William Kent

Database Technology Department

Hewlett-Packard Laboratories

Palo Alto, California

Aug 1992

> 1 INTRODUCTION . . . 1

> 2 THE GENERAL HYPER-JOIN . . . 2

> 3 SPECIALIZED OPERATORS . . . 3

>> 3.1 Cross Product and Append . . . 3

>> 3.2 Join, Equijoin, and Outer Joins . . . 4

>> 3.3 Complements and Negation . . . 4

> 4 HYPEREXTENSION FOR BOOLEAN VARIABLES . . . 5

> 5 SUMMARY . . . 6

> 6 IMPLEMENTATIONS . . . 6

> 7 CONCLUSIONS . . . 7

The *hyper-join* is a generalized binary operator on bags (multisets) which
subsumes a number of operators as special cases, such as several joins, union, and
complement. The operators are applicable to relations as well as to other aggregates of
objects.

The hyper-join operation is a useful generalization of joins, equi-joins, and outer joins in a form that also supports negation and Boolean variables. The approach is especially useful in strongly typed object systems where the underlying domains will often be finite object types.

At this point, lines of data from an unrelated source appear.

(* Let $1\le f\le\lfloor n/2\rfloor$ and $J_0=(n-2f+1,n-2f+2,\dots,n)$. (1) For every $d\in\mathcal D_f$ there exists $w\in\mathfrak S_n$ with $d_0=dw$ and $\ell(d_0)=\ell(d)+\ell(w)$. (2) For every $J\in\mathcal P_f$ there exists $w'\in\mathfrak S_n$ with $d_{J_0}=d_Jw'$ and $\ell(d_{J_0})=\ell(d_J)+\ell(w')$. (3) For every $d\in\mathcal D_{\nu_f}$ with $d\ne d_0d_{J_0}$ there exists $1\le j\le n-1$ such that $ds_j\in\mathcal D_{\nu_f}$ and $\ell(ds_j)=\ell(d)+1$.
   Context: $\mathfrak S_n$ acts on $\{1,\dots,n\}$ on the right: $(a)(\sigma\tau)=((a)\sigma)\tau$; $s_j=(j,j+1)$, $\ell$ is the Coxeter length. Let $\nu_f=((2^f),(n-2f))$ and $\mathfrak t^{\nu_f}$ the bitableau with $1,\dots,n$ entered in order along the rows of the first component (shape $(2^f)$) and then along the single row of the second component; $\mathfrak t^{\nu_f}d$ replaces each entry $a$ by $(a)d$. $\mathcal D_{\nu_f}$ is the set of $d\in\mathfrak S_n$ such that $\mathfrak t^{\nu_f}d$ is row standard and the first column of its first component increases from top to bottom; $\mathcal D_f=\mathcal D_{\nu_f}\cap\mathfrak S_{2f}$. $d_0\in\mathfrak S_{2f}$ is defined by $(a)d_0=(a+1)/2$ for odd $a\in\{1,\dots,2f-1\}$ and $(a)d_0=2f+1-a/2$ for even $a\in\{2,\dots,2f\}$. $\mathcal P_f=\{(i_1,\dots,i_{2f}):1\le i_1<\dots<i_{2f}\le n\}$, and for $J\in\mathcal P_f$, $d_J$ is the unique element of $\mathcal D_{\nu_f}$ such that the first component of $\mathfrak t^{\nu_f}d_J$ is the tableau obtained by inserting the entries of $J$ in increasing order along successive rows of the shape $(2^f)$. *)

theory Defs
  imports "HOL-Combinatorics.Combinatorics"
begin

text \<open>Permutations of {1..n} as functions nat => nat fixing everything outside {1..n}.
  Right action: (a)sigma = sigma a, and the product sigma tau acts as "first sigma, then tau".\<close>

definition Sym :: "nat \<Rightarrow> (nat \<Rightarrow> nat) set" where
  "Sym n = {\<sigma>. \<sigma> permutes {1..n}}"

definition pmult :: "(nat \<Rightarrow> nat) \<Rightarrow> (nat \<Rightarrow> nat) \<Rightarrow> (nat \<Rightarrow> nat)" where
  "pmult \<sigma> \<tau> = \<tau> \<circ> \<sigma>"

definition sj :: "nat \<Rightarrow> nat \<Rightarrow> nat" where
  "sj j = Transposition.transpose j (Suc j)"

definition word_prod :: "nat list \<Rightarrow> nat \<Rightarrow> nat" where
  "word_prod js = foldr (\<lambda>j acc. pmult (sj j) acc) js id"

definition clen :: "nat \<Rightarrow> (nat \<Rightarrow> nat) \<Rightarrow> nat" where
  "clen n \<sigma> = (LEAST k. \<exists>js. length js = k \<and> (\<forall>j\<in>set js. 1 \<le> j \<and> j < n) \<and> \<sigma> = word_prod js)"

text \<open>D_{nu_f}: t^{nu_f} d row standard, first column of first component increasing.
  Rows of the first component: (2r-1, 2r), r = 1..f; second component: 2f+1, ..., n.\<close>
definition Dnu :: "nat \<Rightarrow> nat \<Rightarrow> (nat \<Rightarrow> nat) set" where
  "Dnu n f = {d \<in> Sym n.
      (\<forall>r\<in>{1..f}. d (2*r - 1) < d (2*r)) \<and>
      (\<forall>r. 1 \<le> r \<and> r < f \<longrightarrow> d (2*r - 1) < d (2*r + 1)) \<and>
      (\<forall>a. 2*f + 1 \<le> a \<and> a < n \<longrightarrow> d a < d (Suc a))}"

definition Df :: "nat \<Rightarrow> nat \<Rightarrow> (nat \<Rightarrow> nat) set" where
  "Df n f = Dnu n f \<inter> Sym (2*f)"

definition d0 :: "nat \<Rightarrow> nat \<Rightarrow> nat" where
  "d0 f a = (if 1 \<le> a \<and> a \<le> 2*f then
               (if odd a then (a + 1) div 2 else 2*f + 1 - a div 2)
             else a)"

definition Pf :: "nat \<Rightarrow> nat \<Rightarrow> nat list set" where
  "Pf n f = {J. length J = 2*f \<and> sorted_wrt (<) J \<and> set J \<subseteq> {1..n}}"

text \<open>d_J: the unique d in D_{nu_f} whose first component tableau has the entries of J
  in increasing order along successive rows, i.e. (a)d = J_a for a = 1..2f.\<close>
definition dJ :: "nat \<Rightarrow> nat \<Rightarrow> nat list \<Rightarrow> nat \<Rightarrow> nat" where
  "dJ n f J = (THE d. d \<in> Dnu n f \<and> (\<forall>a\<in>{1..2*f}. d a = J ! (a - 1)))"

definition J0 :: "nat \<Rightarrow> nat \<Rightarrow> nat list" where
  "J0 n f = [n - 2*f + 1 ..< n + 1]"

end

theory Submission
  imports Defs
begin

text \<open>The Coxeter length of a permutation is its number of inversions. If the inversion set
  of \<open>u\<close> is contained in that of \<open>v\<close>, then \<open>v = (v \<circ> inv u) \<circ> u\<close> and the inversions of
  \<open>v \<circ> inv u\<close> are the images under \<open>u\<close> of the inversions of \<open>v\<close> that are not inversions of
  \<open>u\<close>, so the lengths add up; moreover, if \<open>u \<noteq> v\<close>, a descent of \<open>v \<circ> inv u\<close> yields a simple
  transposition that lengthens \<open>u\<close> by one while staying below \<open>v\<close>.

  Row standardness and the increasing first column say exactly that \<open>d \<in> D\<^sub>\<nu>\<close> inverts
  only pairs from a fixed set \<open>A\<close> (\<open>allowed_inversions\<close> below), and \<open>d\<^sub>0 d\<^sub>J\<^sub>0\<close> inverts
  precisely \<open>A\<close>: it is the top of \<open>D\<^sub>\<nu>\<close>, which gives (3). Likewise \<open>d\<^sub>0\<close> inverts every
  pair of \<open>A\<close> inside the first component, which contains all inversions of \<open>d \<in> D\<^sub>f\<close>, and
  \<open>d\<^sub>J\<^sub>0\<close> inverts every pair crossing between the components, which contains all inversions
  of \<open>d\<^sub>J\<close>; this gives (1) and (2).\<close>

definition inversions :: "nat \<Rightarrow> (nat \<Rightarrow> nat) \<Rightarrow> (nat \<times> nat) set" where
  "inversions n \<sigma> = {(a, b). 1 \<le> a \<and> a < b \<and> b \<le> n \<and> \<sigma> b < \<sigma> a}"

lemma finite_inversions [simp]: "finite (inversions n \<sigma>)"
  by (rule finite_subset[of _ "{1..n} \<times> {1..n}"]) (auto simp: inversions_def)

lemma inversions_id [simp]: "inversions n id = {}"
  by (auto simp: inversions_def)

lemma not_inversion_imp_less:
  assumes "\<sigma> permutes {1..n}" "1 \<le> a" "a < b" "b \<le> n" "(a, b) \<notin> inversions n \<sigma>"
  shows "\<sigma> a < \<sigma> b"
proof -
  have "\<sigma> a \<noteq> \<sigma> b"
    using permutes_inj[OF assms(1)] \<open>a < b\<close> by (metis injD less_irrefl)
  then show ?thesis using assms by (auto simp: inversions_def)
qed

lemma sj_apply: "sj j x = (if x = j then Suc j else if x = Suc j then j else x)"
  unfolding sj_def transpose_def by auto

lemma sj_sj [simp]: "sj j (sj j x) = x"
  by (simp add: sj_apply)

lemma sj_permutes: "1 \<le> j \<Longrightarrow> j < n \<Longrightarrow> sj j permutes {1..n}"
  unfolding sj_def by (rule permutes_swap_id) auto

lemma inversions_comp_sj:
  assumes "1 \<le> j" "j < n"
  shows "inversions n (\<sigma> \<circ> sj j) - {(j, Suc j)}
       = map_prod (sj j) (sj j) ` (inversions n \<sigma> - {(j, Suc j)})"
proof -
  have swap: "1 \<le> sj j a \<and> sj j a < sj j b \<and> sj j b \<le> n \<and> (sj j a, sj j b) \<noteq> (j, Suc j)"
    if "1 \<le> a" "a < b" "b \<le> n" "(a, b) \<noteq> (j, Suc j)" for a b
    using that assms by (auto simp: sj_apply)
  show ?thesis
  proof (intro set_eqI iffI)
    fix z assume z: "z \<in> inversions n (\<sigma> \<circ> sj j) - {(j, Suc j)}"
    obtain a b where ab: "z = (a, b)"
      by (cases z)
    have "(sj j a, sj j b) \<in> inversions n \<sigma> - {(j, Suc j)}"
      using z swap[of a b] unfolding ab inversions_def by auto
    moreover have "z = map_prod (sj j) (sj j) (sj j a, sj j b)"
      by (simp add: ab)
    ultimately show "z \<in> map_prod (sj j) (sj j) ` (inversions n \<sigma> - {(j, Suc j)})"
      by blast
  next
    fix z assume "z \<in> map_prod (sj j) (sj j) ` (inversions n \<sigma> - {(j, Suc j)})"
    then obtain a b where "z = (sj j a, sj j b)" "(a, b) \<in> inversions n \<sigma> - {(j, Suc j)}"
      by auto
    then show "z \<in> inversions n (\<sigma> \<circ> sj j) - {(j, Suc j)}"
      using swap[of a b] unfolding inversions_def by auto
  qed
qed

The hyper-join provides a basis for defining those other operations by fixing values of parameters to the hyper-join.

The hyper-join operates on a pair of bags and an arbitrarily specified "match condition". The various specialized operators are differentiated by the nature of the bags, the nature of the match condition, and the actions to be taken when the match condition is or is not satisfied.

Let C and D be two bags. Let c IN C denote the number of occurrences of the element c in the bag C.

Let the *match condition* p be a binary predicate such that p(c,d) is true or
false for any c in C and d in D. The match condition induces three new bags:

- The "left" bag L contains those elements c in C for which there does not exist any element d in D such that p(c,d) is true. Cardinality is preserved: if c is in L, then c IN L = c IN C.
- The "right" bag R is correspondingly defined for those elements of d in D for which there are no matching elements in C. Again, if d is in R, then d IN R = d IN D.
- The "middle" or "matched" bag M consisting of all pairs <c,d> for which p(c,d) is true. The cardinality is a product, analogous to the behavior of a cross-product. If p(c,d), then <c,d> IN M = c IN C x d IN D.

C c2 c1 ....-------------.................... L | c2L | c1L | L ....|-----+-----|...-------------.... M | c2M | c1M | | d1M | d2M | M ....-------------...|-----+-----|.... R | d1R | d2R | R ....................-------------.... d1 d2 D

For many operations, C and D will be restricted to bags of pairs c=<c1,c2> and d=<d1,d2>. The components c1 and d1 participate in the match condition p(c1,d1), while the components c2 and d2 do not. For joins, c1 and d1 represent the sets of columns being compared in the join, while c2 and d2 are the other columns that may be in the relations. For operations not requiring C and D to consist of such pairs, we will characterize c2 and d2 as being nil.

The behavior of various operators can be described in terms of the contributions made by the bags L, R, and M to a result bag B.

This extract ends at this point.